(Supplied entries)
definition prefix_detour_suffix :: "'a list \<Rightarrow> 'a list \<Rightarrow> bool" where
  "prefix_detour_suffix P Q \<longleftrightarrow> (\<exists>i j D. i < j \<and> j < length P \<and>
       Q = take (Suc i) P @ D @ drop j P \<and> set D \<inter> set P = {})"

end

theory Submission
  imports Defs
begin

(* Call a far case II vertex fresh if no earlier vertex chose the same path; the representatives
   are exactly the paths R v of the k fresh vertices v. Along P the fresh paths get strictly
   lighter, so their excesses w(R v) - w(P) are k distinct naturals summing to at least
   k(k - 1)/2.

   Each R v leaves P at a branching point before v and returns after x. Let near v be the vertices
   of this detour at detour distance less than excess v / 2 from the branching point; as edges
   weigh at most M, there are at least excess v / (2M) of them. An exchange argument shows that
   R u avoids near v whenever u lies strictly before the branching point of R v, and every vertex
   before a fresh v lies at or before it. So for fresh u < v < v' the set near v' misses R u, which
   contains near u: no vertex is near three fresh vertices. Hence the total excess is at most
   2M * 2n, and k^2 <= 9Mn. *)

lemma distinct_nth_in_set_take_iff:
  "distinct xs \<Longrightarrow> k < length xs \<Longrightarrow> xs ! k \<in> set (take n xs) \<longleftrightarrow> k < n"
  by (auto simp: in_set_conv_nth nth_eq_iff_index_eq)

(Work order) Starting from the line that contains "of this detour", give again every line to the last line of the data, exactly. Include nothing else.

(Response to the exercise)
   of this detour at detour distance less than excess v / 2 from the branching point; as edges
   weigh at most M, there are at least excess v / (2M) of them. An exchange argument shows that
   R u avoids near v whenever u lies strictly before the branching point of R v, and every vertex
   before a fresh v lies at or before it. So for fresh u < v < v' the set near v' misses R u, which
   contains near u: no vertex is near three fresh vertices. Hence the total excess is at most
   2M * 2n, and k^2 <= 9Mn. *)

lemma distinct_nth_in_set_take_iff:
  "distinct xs \<Longrightarrow> k < length xs \<Longrightarrow> xs ! k \<in> set (take n xs) \<longleftrightarrow> k < n"
  by (auto simp: in_set_conv_nth nth_eq_iff_index_eq)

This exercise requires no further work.